Та не сдержала улыбку:
— С кем же?
— С Крыжовым. С тем самым, из-за которого ты меня тут…
Александра не удивилась.
— Ну что ж, хороший парень Максим.
Голдобин кивнул и нахмурился.
И когда час спустя после ухода Калгановой появилась Зойка с Максимом, старик уже не удивился. На лице у Максима было написано: «Пришел я… ну и что?»
Поздоровались мирно.
— А мы на пруду были, на лодке катались, — объяснила Зойка, усаживая Максима за стол, — и страшно есть захотели!.. Максим, ты не стесняйся, накладывай, накладывай себе!
Максим, очевидно, все-таки стеснялся; неловко двинул рукой и рассыпал соль. Александра сказала:
— К ссоре! — и подозрительно глянула на мужа.
Зойка сказала:
— Предрассудки, мама! — и почему-то притихла.
Максим не отошел даже после водки, сидел и молчал. Молчал и Голдобин, но не уходил из-за стола. Не пил, не ел, а сидел, чего-то выжидая. Когда Максим покончил с пирогом и вытянул из кармана платок, старик пододвинул ему стопку бумажных салфеток. Спросил, наконец, незначащее:
— Ну как поживаешь, Крыжов?
Максим ответил, натянуто улыбаясь:
— Нормально. Новостей особых нет… А те, что есть, тебе известны, Александр Андреевич.
И скривил губы. Голдобин понял. Все эти минуты он сидел, глядел на парня и думал. Мысли его располагались примерно в таком порядке: «Совсем чужой человек. Пацан… А покоя из-за него нет. Въехал в его, голдобинскую жизнь, как паровоз… В цехе из-за него портишь нервы. Дома тоже неприятности. Зойка тому виной? Нет, не похоже. Никто он ей пока, да и будет ли…»
— Так, так!.. — проговорил вслух. А когда жена и Зойка вышли из комнаты, спросил напрямик:
— Ты, что, все в обиде на меня?
— А как ты думаешь, Александр Андреевич?
— Думаю, что обижаться нечего. Я прав был.
— Не во всем.
— В чем не прав?
— С самого начала. Я же говорил тогда, на партбюро.

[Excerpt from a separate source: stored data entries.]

(* Let $N$ be a free abelian group of finite rank $n$ with a homomorphism $\psi:N\to\mathbb{Z}^2$ with finite cokernel, $K=\ker\psi$, $\langle a,b\rangle=\det(\psi(a),\psi(b))$. Let $\tilde{\mathbf{s}}=(e_i)_{1\le i\le n}$ be a cyclically ordered seed with underlying seed $\mathbf{s}$, and let $\mathscr{S}$ be the mutation equivalence class of $\mathbf{s}$. Then for all $\alpha,\beta\in K$, $(\alpha,\beta)_{\mathscr{S}}=-\chi_{\tilde{\mathbf{s}}}(\alpha,\beta)$.
   Context: A seed is an unordered basis $\{e_i\}$ of $N$ with each $\psi(e_i)$ nonzero primitive; seeds are mutation equivalent if related by finitely many mutations $\mu_j^\epsilon$ ($e_j\mapsto-e_j$, $e_i\mapsto e_i+[\epsilon\langle e_i,e_j\rangle]_+e_j$ for $i\ne j$, $[a]_+=\max(0,a)$, $\epsilon\in\{\pm\}$). A cyclic ordering of a seed is an ordering $(e_1,\dots,e_n)$ for which there are determinations $\theta_i$ of the arguments of $\psi(e_i)\in\mathbb{R}^2=\mathbb{C}$ with $\theta_1\le\theta_2\le\cdots\le\theta_n\le\theta_1+2\pi$. The bilinear form $\chi_{\tilde{\mathbf{s}}}$ on $N$ is defined by $\chi_{\tilde{\mathbf{s}}}(e_i,e_j)=1$ if $i=j$, $\langle e_i,e_j\rangle$ if $i>j$, $0$ if $i<j$. Intersection form: choose a smooth complete fan containing the rays $\mathbb{R}_{\ge0}\psi(e_i)$, with toric surface $\overline{Y}$, toric divisors $\overline{D}_\rho$, and $\overline{D}_i$ the divisor of the ray of $\psi(e_i)$; blow up distinct points $p_i\in\overline{D}_i$ that are smooth points of the toric boundary to get $\pi:Y\to\overline{Y}$ with exceptional curves $E_i$. For $a=\sum a_ie_i\in K$ set $\iota_\pi(a)=\pi^*C_a-\sum a_iE_i$, where $C_a\in NS(\overline{Y})$ is the unique class with $C_a\cdot\overline{D}_\rho=\sum_{i:\overline{D}_i=\overline{D}_\rho}a_i$ for each ray $\rho$. Then $(a,b)_{\mathscr{S}}:=\iota_\pi(a)\cdot\iota_\pi(b)$ (this depends only on $\mathscr{S}$). *)

theory Defs
  imports Complex_Main
begin

(* Lattice Z^2 as int \<times> int; <a,b> = det(psi a, psi b). *)
definition det2 :: "int \<times> int \<Rightarrow> int \<times> int \<Rightarrow> int" where
  "det2 u w = fst u * snd w - snd u * fst w"

definition to_complex :: "int \<times> int \<Rightarrow> complex" where
  "to_complex u = Complex (real_of_int (fst u)) (real_of_int (snd u))"

definition primitive :: "int \<times> int \<Rightarrow> bool" where
  "primitive u \<longleftrightarrow> u \<noteq> (0,0) \<and> gcd (fst u) (snd u) = 1"

definition arg_det :: "int \<times> int \<Rightarrow> real \<Rightarrow> bool" where
  "arg_det u \<theta> \<longleftrightarrow> (\<exists>r>0. to_complex u = complex_of_real r * cis \<theta>)"

(* The seed is the basis (e_0,...,e_{n-1}) of N; we identify N with Z^n via this
   basis, so psi is determined by v i = psi(e_i).  Elements of N are coefficient
   vectors a :: nat \<Rightarrow> int (only a i for i < n matter). *)

(* psi has finite cokernel iff its image has rank 2 *)
definition finite_coker :: "nat \<Rightarrow> (nat \<Rightarrow> int \<times> int) \<Rightarrow> bool" where
  "finite_coker n v \<longleftrightarrow> (\<exists>i<n. \<exists>j<n. det2 (v i) (v j) \<noteq> 0)"

definition is_seed :: "nat \<Rightarrow> (nat \<Rightarrow> int \<times> int) \<Rightarrow> bool" where
  "is_seed n v \<longleftrightarrow> (\<forall>i<n. primitive (v i))"

definition cyclically_ordered :: "nat \<Rightarrow> (nat \<Rightarrow> int \<times> int) \<Rightarrow> bool" where
  "cyclically_ordered n v \<longleftrightarrow>
     (\<exists>\<theta>::nat \<Rightarrow> real. (\<forall>i<n. arg_det (v i) (\<theta> i))
        \<and> (\<forall>i. Suc i < n \<longrightarrow> \<theta> i \<le> \<theta> (Suc i))
        \<and> (0 < n \<longrightarrow> \<theta> (n - 1) \<le> \<theta> 0 + 2 * pi))"

definition psi :: "nat \<Rightarrow> (nat \<Rightarrow> int \<times> int) \<Rightarrow> (nat \<Rightarrow> int) \<Rightarrow> int \<times> int" where
  "psi n v a = ((\<Sum>i<n. a i * fst (v i)), (\<Sum>i<n. a i * snd (v i)))"

definition in_K :: "nat \<Rightarrow> (nat \<Rightarrow> int \<times> int) \<Rightarrow> (nat \<Rightarrow> int) \<Rightarrow> bool" where
  "in_K n v a \<longleftrightarrow> psi n v a = (0, 0)"

definition chi :: "nat \<Rightarrow> (nat \<Rightarrow> int \<times> int) \<Rightarrow> (nat \<Rightarrow> int) \<Rightarrow> (nat \<Rightarrow> int) \<Rightarrow> int" where
  "chi n v a b = (\<Sum>i<n. \<Sum>j<n. a i * b j *
      (if i = j then 1 else if i > j then det2 (v i) (v j) else 0))"

(* Smooth complete fan in R^2 with rays spanned by the primitive vectors
   w 0, ..., w (m-1), listed counterclockwise (strictly increasing arguments,
   total turn less than one revolution), consecutive rays (cyclically) spanning
   smooth cones: det(w_k, w_{k+1}) = 1. *)
definition smooth_complete_fan :: "nat \<Rightarrow> (nat \<Rightarrow> int \<times> int) \<Rightarrow> bool" where
  "smooth_complete_fan m w \<longleftrightarrow> 3 \<le> m
     \<and> (\<forall>k<m. det2 (w k) (w ((k + 1) mod m)) = 1)
     \<and> (\<exists>\<phi>::nat \<Rightarrow> real. (\<forall>k<m. arg_det (w k) (\<phi> k))
           \<and> (\<forall>k. Suc k < m \<longrightarrow> \<phi> k < \<phi> (Suc k))
           \<and> \<phi> (m - 1) < \<phi> 0 + 2 * pi)"

(* the fan contains the rays R_{>=0} psi(e_i); since psi(e_i) and w k are both
   primitive, this means psi(e_i) is one of the w k *)
definition fan_contains_rays :: "nat \<Rightarrow> (nat \<Rightarrow> int \<times> int) \<Rightarrow> nat \<Rightarrow> (nat \<Rightarrow> int \<times> int) \<Rightarrow> bool" where
  "fan_contains_rays m w n v \<longleftrightarrow> (\<forall>i<n. \<exists>k<m. w k = v i)"

(* Intersection numbers of toric divisors D_j . D_k on the smooth complete toric
   surface of the fan: D_k^2 = -b_k where w_{k-1} + w_{k+1} = b_k w_k
   (equivalently b_k = det(w_{k-1}, w_{k+1})), D_j.D_k = 1 for adjacent rays,
   0 otherwise. *)
definition toric_int :: "nat \<Rightarrow> (nat \<Rightarrow> int \<times> int) \<Rightarrow> nat \<Rightarrow> nat \<Rightarrow> int" where
  "toric_int m w j k =
     (if j = k then - det2 (w ((k + m - 1) mod m)) (w ((k + 1) mod m))
      else if j = (k + 1) mod m \<or> k = (j + 1) mod m then 1 else 0)"

(* divisor classes on the toric surface, represented by integer combinations
   c = \<Sum>_k c_k D_k of toric divisors (every class is of this form) *)
definition toric_pair :: "nat \<Rightarrow> (nat \<Rightarrow> int \<times> int) \<Rightarrow> (nat \<Rightarrow> int) \<Rightarrow> (nat \<Rightarrow> int) \<Rightarrow> int" where
  "toric_pair m w c d = (\<Sum>j<m. \<Sum>k<m. c j * d k * toric_int m w j k)"

(* c represents the class C_a: C_a . D_rho = \<Sum>_{i : D_i = D_rho} a_i *)
definition represents_C :: "nat \<Rightarrow> (nat \<Rightarrow> int \<times> int) \<Rightarrow> nat \<Rightarrow> (nat \<Rightarrow> int \<times> int)
     \<Rightarrow> (nat \<Rightarrow> int) \<Rightarrow> (nat \<Rightarrow> int) \<Rightarrow> bool" where
  "represents_C m w n v a c \<longleftrightarrow>
     (\<forall>k<m. toric_pair m w c (\<lambda>l. if l = k then 1 else 0) = (\<Sum>i | i < n \<and> v i = w k. a i))"

(* iota(a).iota(b) = (pi^* C_a - \<Sum> a_i E_i).(pi^* C_b - \<Sum> b_i E_i)
                   = C_a.C_b - \<Sum> a_i b_i,
   using pi^*C . E_i = 0, E_i . E_j = -delta_ij for the exceptional curves. *)
definition blowup_pair :: "nat \<Rightarrow> (nat \<Rightarrow> int \<times> int) \<Rightarrow> nat \<Rightarrow> (nat \<Rightarrow> int \<times> int)
     \<Rightarrow> (nat \<Rightarrow> int) \<Rightarrow> (nat \<Rightarrow> int) \<Rightarrow> (nat \<Rightarrow> int) \<Rightarrow> (nat \<Rightarrow> int) \<Rightarrow> int" where
  "blowup_pair m w n v a b c d = toric_pair m w c d - (\<Sum>i<n. a i * b i)"

end

theory Submission
  imports Defs
begin

(* Let r_k(a) be the total coefficient that a puts on the seed vectors spanning the k-th ray w_k
   of the fan.  For a in K the r_k(a) are the coefficients of a relation sum_k r_k w_k = 0, and the
   divisor sum_k c_k D_k with c_k = <r_0 w_0 + ... + r_(k-1) w_(k-1), w_k> has degree r_k(a) on
   every D_k, by the smooth-cone identities w_(k-1) + w_(k+1) = b_k w_k.  Pairing with this
   representative gives C_a.C_b = sum_(l<k) r_l(a) r_k(b) <w_l, w_k>, the sum of
   a_i b_j <e_i, e_j> over the pairs whose rays come in the order e_i before e_j around the fan.
   The cyclic ordering of the seed is a rotation of the fan order, and rotating does not change
   this sum: moving an initial segment of indices to the end changes it by
   <psi a', psi b''> - <psi a'', psi b'>, which vanishes since psi a' = - psi a'' and
   psi b' = - psi b''.  Summing over i < j instead, antisymmetry and <psi a, psi b> = 0 turn the
   result into sum_i a_i b_i - chi(a, b). *)

lemma det2_self [simp]: "det2 u u = 0"
  by (simp add: det2_def)

lemma det2_swap: "det2 u u' = - det2 u' u"
  by (simp add: det2_def)

lemma det2_plucker: "det2 a b * det2 x c + det2 b c * det2 x a + det2 c a * det2 x b = 0"
  by (simp add: det2_def algebra_simps)

lemma sum_det2_psi: "(\<Sum>i<n. a i * det2 (v i) x) = det2 (psi n v a) x"
proof -
  have "(\<Sum>i<n. a i * det2 (v i) x) = (\<Sum>i<n. a i * fst (v i) * snd x - a i * snd (v i) * fst x)"
    by (simp add: det2_def algebra_simps)
  also have "\<dots> = (\<Sum>i<n. a i * fst (v i)) * snd x - (\<Sum>i<n. a i * snd (v i)) * fst x"
    by (simp add: sum_subtractf sum_distrib_right)
  finally show ?thesis by (simp add: det2_def psi_def)
qed

lemma sum_sum_det2_psi:
  "(\<Sum>i<n. \<Sum>j<n. a i * b j * det2 (v i) (v j)) = det2 (psi n v a) (psi n v b)"
proof -
  have "(\<Sum>i<n. \<Sum>j<n. a i * b j * det2 (v i) (v j)) = (\<Sum>j<n. b j * det2 (psi n v a) (v j))"
    by (subst sum.swap) (simp add: sum_distrib_left mult_ac flip: sum_det2_psi)
  also have "\<dots> = - (\<Sum>j<n. b j * det2 (v j) (psi n v a))"
    by (simp add: det2_swap[of "psi n v a"] sum_negf)
  finally show ?thesis by (simp add: sum_det2_psi det2_swap[of "psi n v b"])
qed

lemma in_K_sum_det2: "in_K n v a \<Longrightarrow> (\<Sum>i<n. a i * det2 (v i) x) = 0"
  unfolding in_K_def sum_det2_psi by (simp add: det2_def)

lemma in_K_det2_psi_split:
  assumes "in_K n v a"
  shows "det2 (psi n v (\<lambda>i. if H i then a i else 0)) x
    = - det2 (psi n v (\<lambda>i. if H i then 0 else a i)) x"
proof -
  have "(\<Sum>i<n. (if H i then a i else 0) * det2 (v i) x)
      + (\<Sum>i<n. (if H i then 0 else a i) * det2 (v i) x) = (\<Sum>i<n. a i * det2 (v i) x)"
    by (auto simp: sum.distrib[symmetric] intro!: sum.cong)
  then show ?thesis
    using in_K_sum_det2[OF assms] by (simp add: sum_det2_psi)
qed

— Помню, что-то там о формализме. И до сих пор не признал ошибку?
— Не признал.
— Вон как ты!.. — сожалеючи покачал головой Голдобин. — Тебе говорят, а ты все на свой лад. Гордый! — И отрубил убежденно: — Значит, правильно тебя наказали!
Заметил, что Максим с силой вдавил локти в скатерть, даже стол скрипнул. Помолчав, спросил как можно спокойнее:
— Ну в чем все-таки я не прав, по-твоему?
Максим, глянув исподлобья, не сразу разомкнул крепко сжатые зубы.
— Сначала скажу, в чем не прав я… Горячиться не следовало мне, раз! Из бригады бежать не следовало, два! В-третьих, нужно было настоять, чтобы спор наш с тобой вынесли на собрание… Люди поняли бы!
— Уверен?
— Да!.. Ну, а теперь, в чем ты не прав, Александр Андреевич! С тем самым твоим «почином» партком поступил все же формально. Если уж инициатива снизу, так пусть она будет снизу. Поговори сначала с рабочими. Люди не дураки, поймут, надо — сделают! К чему эти команды!
— Оратор ты… Не любишь команды?
— А кто их любит! Ну, ладно, если еще команда дельная…
— А тут?
— Какая же дельная, если провалился почин. Пошумели, пошумели, а теперь и не вспоминают.
— Две тысячи экономии по цеху — шум? Эх, Крыжов, Крыжов!..
Не сдавался старик, хотя давно уже сам себе признавался, что напортачил: «Поспешишь — людей насмешишь!..» И болезнь у него за последнее время тоже небось взыграла от переживаний этих… И люди теперь, казалось ему, поглядывают на него косо. Недаром радовался, что помянули вчера на собрании добрым словом… Могли и не помянуть… А Крыжов, похоже, утешает…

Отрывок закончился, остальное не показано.